To do => The required answer is each line in the entries below where "linarith" occurs.

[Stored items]
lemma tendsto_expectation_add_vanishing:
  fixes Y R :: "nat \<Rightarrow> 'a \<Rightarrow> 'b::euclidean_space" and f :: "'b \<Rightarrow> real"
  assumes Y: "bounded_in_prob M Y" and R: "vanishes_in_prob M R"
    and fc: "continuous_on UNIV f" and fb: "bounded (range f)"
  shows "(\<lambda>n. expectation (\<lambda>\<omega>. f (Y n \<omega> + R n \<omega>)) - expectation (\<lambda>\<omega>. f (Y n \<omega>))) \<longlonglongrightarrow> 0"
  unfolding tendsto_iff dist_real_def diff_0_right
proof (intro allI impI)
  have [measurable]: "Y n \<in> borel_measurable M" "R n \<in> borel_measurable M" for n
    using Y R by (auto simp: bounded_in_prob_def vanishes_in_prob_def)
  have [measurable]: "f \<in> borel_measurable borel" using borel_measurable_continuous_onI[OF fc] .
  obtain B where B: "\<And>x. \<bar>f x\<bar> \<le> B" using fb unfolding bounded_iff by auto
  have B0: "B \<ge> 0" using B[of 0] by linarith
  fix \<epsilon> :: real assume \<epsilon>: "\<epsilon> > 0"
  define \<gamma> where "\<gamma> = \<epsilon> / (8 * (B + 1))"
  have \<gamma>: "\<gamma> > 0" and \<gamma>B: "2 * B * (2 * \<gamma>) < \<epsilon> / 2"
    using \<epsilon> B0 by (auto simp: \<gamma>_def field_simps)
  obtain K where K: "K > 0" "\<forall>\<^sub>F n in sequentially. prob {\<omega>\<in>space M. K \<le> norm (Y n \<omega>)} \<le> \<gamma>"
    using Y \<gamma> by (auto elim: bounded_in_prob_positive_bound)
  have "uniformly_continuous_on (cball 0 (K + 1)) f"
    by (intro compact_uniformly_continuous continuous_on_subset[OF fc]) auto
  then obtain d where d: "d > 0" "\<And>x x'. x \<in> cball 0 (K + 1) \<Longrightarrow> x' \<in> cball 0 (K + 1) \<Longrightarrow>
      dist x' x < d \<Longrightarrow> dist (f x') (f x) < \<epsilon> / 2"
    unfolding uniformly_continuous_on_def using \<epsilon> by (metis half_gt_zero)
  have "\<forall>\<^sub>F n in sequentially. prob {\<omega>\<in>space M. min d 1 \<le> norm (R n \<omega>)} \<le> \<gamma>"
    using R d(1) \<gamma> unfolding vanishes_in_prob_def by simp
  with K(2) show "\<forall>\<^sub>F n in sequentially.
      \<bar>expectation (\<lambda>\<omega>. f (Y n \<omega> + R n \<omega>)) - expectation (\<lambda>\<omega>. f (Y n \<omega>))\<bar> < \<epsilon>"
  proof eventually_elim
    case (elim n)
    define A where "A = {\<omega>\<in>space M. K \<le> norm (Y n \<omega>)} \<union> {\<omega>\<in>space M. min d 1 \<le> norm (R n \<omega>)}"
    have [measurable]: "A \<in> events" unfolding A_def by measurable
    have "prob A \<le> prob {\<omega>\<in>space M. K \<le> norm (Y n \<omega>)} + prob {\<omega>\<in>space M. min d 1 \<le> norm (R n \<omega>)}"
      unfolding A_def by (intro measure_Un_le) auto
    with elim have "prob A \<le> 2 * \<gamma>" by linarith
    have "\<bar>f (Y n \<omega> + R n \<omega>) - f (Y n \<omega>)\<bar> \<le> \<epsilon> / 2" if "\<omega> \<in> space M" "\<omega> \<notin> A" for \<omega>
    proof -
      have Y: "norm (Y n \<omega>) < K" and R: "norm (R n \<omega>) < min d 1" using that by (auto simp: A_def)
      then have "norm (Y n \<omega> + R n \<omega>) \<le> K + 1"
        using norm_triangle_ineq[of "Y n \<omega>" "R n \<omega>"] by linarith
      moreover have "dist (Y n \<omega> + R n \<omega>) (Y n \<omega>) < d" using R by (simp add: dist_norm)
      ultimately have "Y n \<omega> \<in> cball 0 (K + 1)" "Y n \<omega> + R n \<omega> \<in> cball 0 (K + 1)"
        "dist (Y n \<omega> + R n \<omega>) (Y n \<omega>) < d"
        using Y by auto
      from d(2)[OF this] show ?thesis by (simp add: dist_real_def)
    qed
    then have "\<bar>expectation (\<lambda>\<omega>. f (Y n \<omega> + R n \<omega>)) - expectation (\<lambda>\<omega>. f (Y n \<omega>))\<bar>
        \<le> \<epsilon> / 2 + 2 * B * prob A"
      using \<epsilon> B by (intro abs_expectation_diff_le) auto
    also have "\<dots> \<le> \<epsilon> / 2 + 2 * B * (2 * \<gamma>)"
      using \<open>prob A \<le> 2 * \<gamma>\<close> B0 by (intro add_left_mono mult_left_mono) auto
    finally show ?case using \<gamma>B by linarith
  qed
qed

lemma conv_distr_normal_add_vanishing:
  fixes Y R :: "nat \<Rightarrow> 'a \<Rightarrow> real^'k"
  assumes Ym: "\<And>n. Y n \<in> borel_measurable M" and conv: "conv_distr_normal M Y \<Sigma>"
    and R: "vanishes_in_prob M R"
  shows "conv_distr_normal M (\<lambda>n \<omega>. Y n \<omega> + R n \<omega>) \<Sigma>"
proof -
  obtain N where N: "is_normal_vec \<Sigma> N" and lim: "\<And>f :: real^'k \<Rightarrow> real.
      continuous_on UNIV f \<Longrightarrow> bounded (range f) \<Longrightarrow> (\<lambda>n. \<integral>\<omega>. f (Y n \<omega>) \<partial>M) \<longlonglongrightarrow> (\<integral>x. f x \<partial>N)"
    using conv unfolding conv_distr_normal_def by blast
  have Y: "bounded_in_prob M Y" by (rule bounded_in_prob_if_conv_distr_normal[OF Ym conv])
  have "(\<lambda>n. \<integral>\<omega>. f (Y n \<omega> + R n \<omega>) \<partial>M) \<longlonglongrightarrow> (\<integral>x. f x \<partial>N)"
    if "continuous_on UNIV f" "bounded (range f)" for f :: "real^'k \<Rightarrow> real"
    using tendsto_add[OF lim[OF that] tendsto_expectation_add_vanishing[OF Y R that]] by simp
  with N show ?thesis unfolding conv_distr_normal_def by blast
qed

Response to this task =>
  have B0: "B \<ge> 0" using B[of 0] by linarith
    with elim have "prob A \<le> 2 * \<gamma>" by linarith
        using norm_triangle_ineq[of "Y n \<omega>" "R n \<omega>"] by linarith
    finally show ?case using \<gamma>B by linarith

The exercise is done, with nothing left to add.